Items from a data source:
★ ★ ★ ★
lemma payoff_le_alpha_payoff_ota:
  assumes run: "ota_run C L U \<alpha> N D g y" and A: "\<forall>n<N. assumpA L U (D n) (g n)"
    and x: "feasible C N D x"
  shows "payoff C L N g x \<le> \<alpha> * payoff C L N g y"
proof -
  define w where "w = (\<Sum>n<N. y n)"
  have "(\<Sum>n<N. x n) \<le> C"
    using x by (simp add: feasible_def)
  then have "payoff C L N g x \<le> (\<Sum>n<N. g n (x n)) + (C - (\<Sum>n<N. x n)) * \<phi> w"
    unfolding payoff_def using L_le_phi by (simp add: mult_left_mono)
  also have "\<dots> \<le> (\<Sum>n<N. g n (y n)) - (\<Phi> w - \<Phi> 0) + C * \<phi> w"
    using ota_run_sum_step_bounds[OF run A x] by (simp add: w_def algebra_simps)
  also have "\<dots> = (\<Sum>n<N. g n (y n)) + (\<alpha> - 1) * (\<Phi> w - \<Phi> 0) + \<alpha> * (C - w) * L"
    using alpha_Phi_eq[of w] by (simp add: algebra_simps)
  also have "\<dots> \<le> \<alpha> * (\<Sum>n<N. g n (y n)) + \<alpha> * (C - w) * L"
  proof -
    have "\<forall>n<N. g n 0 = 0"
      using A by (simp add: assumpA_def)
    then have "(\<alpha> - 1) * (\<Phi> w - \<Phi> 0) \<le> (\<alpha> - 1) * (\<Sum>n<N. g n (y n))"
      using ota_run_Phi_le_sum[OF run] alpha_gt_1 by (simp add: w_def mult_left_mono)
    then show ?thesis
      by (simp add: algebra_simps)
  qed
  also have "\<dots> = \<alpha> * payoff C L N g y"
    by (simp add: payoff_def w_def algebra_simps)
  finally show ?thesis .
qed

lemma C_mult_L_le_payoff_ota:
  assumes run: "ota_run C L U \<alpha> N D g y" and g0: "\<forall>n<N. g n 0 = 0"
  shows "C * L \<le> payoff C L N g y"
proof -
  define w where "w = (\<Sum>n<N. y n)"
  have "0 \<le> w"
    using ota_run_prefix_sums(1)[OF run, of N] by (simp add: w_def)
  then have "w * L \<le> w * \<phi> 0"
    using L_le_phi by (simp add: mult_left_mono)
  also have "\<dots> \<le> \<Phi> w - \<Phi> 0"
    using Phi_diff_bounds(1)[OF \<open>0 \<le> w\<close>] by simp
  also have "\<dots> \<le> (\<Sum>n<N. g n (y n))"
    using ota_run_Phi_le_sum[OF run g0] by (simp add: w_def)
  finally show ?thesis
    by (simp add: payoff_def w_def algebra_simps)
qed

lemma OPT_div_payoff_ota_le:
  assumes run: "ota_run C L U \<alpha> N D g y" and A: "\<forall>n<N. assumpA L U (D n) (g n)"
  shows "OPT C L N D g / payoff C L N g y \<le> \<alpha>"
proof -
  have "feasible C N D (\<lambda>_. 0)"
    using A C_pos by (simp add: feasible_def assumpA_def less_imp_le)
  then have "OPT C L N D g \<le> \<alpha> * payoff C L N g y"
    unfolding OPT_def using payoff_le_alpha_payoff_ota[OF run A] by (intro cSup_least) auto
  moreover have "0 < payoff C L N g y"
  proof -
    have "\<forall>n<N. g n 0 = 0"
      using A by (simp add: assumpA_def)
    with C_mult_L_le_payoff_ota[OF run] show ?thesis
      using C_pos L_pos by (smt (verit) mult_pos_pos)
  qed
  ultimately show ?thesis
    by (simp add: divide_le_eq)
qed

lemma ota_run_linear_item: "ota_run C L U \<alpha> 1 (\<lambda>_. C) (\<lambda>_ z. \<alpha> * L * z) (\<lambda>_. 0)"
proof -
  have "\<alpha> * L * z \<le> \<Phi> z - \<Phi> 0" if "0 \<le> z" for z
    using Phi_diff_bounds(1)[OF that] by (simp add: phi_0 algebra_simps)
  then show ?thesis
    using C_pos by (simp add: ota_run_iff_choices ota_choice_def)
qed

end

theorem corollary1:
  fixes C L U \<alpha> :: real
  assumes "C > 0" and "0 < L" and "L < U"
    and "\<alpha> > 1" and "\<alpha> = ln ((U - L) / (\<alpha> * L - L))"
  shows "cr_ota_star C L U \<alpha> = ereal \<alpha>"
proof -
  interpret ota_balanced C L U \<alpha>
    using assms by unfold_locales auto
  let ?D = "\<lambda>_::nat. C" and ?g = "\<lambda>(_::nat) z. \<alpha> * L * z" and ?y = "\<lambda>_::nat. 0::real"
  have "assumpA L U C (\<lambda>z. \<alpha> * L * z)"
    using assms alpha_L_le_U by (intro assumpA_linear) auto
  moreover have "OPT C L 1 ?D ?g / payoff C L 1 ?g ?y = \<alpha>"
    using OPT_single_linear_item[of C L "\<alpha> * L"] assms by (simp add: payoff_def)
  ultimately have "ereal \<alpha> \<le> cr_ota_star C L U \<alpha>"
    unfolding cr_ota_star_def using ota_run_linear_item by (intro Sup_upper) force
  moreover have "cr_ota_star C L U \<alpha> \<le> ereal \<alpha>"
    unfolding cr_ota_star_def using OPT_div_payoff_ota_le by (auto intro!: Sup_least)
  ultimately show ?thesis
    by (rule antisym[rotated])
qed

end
★ ★ ★ ★
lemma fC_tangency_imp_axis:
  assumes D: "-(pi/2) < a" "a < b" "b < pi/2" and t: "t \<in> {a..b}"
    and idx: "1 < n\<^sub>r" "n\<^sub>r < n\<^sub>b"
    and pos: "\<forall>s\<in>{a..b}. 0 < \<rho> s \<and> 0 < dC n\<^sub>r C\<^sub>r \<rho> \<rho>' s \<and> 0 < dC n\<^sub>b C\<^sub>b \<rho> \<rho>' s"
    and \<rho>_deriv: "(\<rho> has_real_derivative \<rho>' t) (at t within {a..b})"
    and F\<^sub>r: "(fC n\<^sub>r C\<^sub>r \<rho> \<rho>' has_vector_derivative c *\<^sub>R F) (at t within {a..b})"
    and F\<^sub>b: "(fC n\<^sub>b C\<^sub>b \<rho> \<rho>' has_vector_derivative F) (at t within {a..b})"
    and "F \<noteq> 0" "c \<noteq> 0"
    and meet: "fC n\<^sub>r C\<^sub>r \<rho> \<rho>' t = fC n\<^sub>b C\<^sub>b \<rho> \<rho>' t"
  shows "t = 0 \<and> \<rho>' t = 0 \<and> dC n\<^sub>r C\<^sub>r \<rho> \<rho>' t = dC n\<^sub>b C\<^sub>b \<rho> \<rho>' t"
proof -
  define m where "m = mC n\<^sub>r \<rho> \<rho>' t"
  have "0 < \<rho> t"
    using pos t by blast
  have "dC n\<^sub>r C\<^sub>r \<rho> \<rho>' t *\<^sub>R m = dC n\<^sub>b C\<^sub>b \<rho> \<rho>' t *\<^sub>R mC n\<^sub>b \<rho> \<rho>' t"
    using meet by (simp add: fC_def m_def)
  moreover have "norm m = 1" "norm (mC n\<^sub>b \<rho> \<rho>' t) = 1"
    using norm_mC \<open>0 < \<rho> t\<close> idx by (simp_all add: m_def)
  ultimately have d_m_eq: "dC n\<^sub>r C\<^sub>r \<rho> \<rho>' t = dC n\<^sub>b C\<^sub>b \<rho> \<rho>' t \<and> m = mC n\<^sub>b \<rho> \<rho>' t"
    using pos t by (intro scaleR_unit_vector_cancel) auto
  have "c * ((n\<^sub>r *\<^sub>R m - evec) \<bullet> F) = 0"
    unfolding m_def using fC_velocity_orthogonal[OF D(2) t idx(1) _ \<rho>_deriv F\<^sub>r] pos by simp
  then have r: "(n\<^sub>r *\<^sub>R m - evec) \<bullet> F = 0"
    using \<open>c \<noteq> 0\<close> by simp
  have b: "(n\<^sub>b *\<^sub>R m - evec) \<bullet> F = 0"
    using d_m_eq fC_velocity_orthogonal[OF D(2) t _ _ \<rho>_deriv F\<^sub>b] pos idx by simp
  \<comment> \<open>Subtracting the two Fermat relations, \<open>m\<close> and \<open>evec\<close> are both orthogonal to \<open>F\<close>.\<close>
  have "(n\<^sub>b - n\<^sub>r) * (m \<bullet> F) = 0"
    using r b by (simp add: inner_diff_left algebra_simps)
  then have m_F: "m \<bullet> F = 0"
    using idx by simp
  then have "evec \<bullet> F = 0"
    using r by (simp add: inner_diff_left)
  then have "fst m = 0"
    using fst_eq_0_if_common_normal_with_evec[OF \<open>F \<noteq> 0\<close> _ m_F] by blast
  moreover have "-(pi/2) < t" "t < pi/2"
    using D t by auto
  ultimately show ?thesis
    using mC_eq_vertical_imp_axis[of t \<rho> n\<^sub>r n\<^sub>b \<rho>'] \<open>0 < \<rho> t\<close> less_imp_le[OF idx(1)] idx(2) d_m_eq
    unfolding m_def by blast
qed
★ ★ ★ ★
### Goal of the exercise
Tally how many lines of the data include the word "intro". Write the number and nothing else.

### Result below
5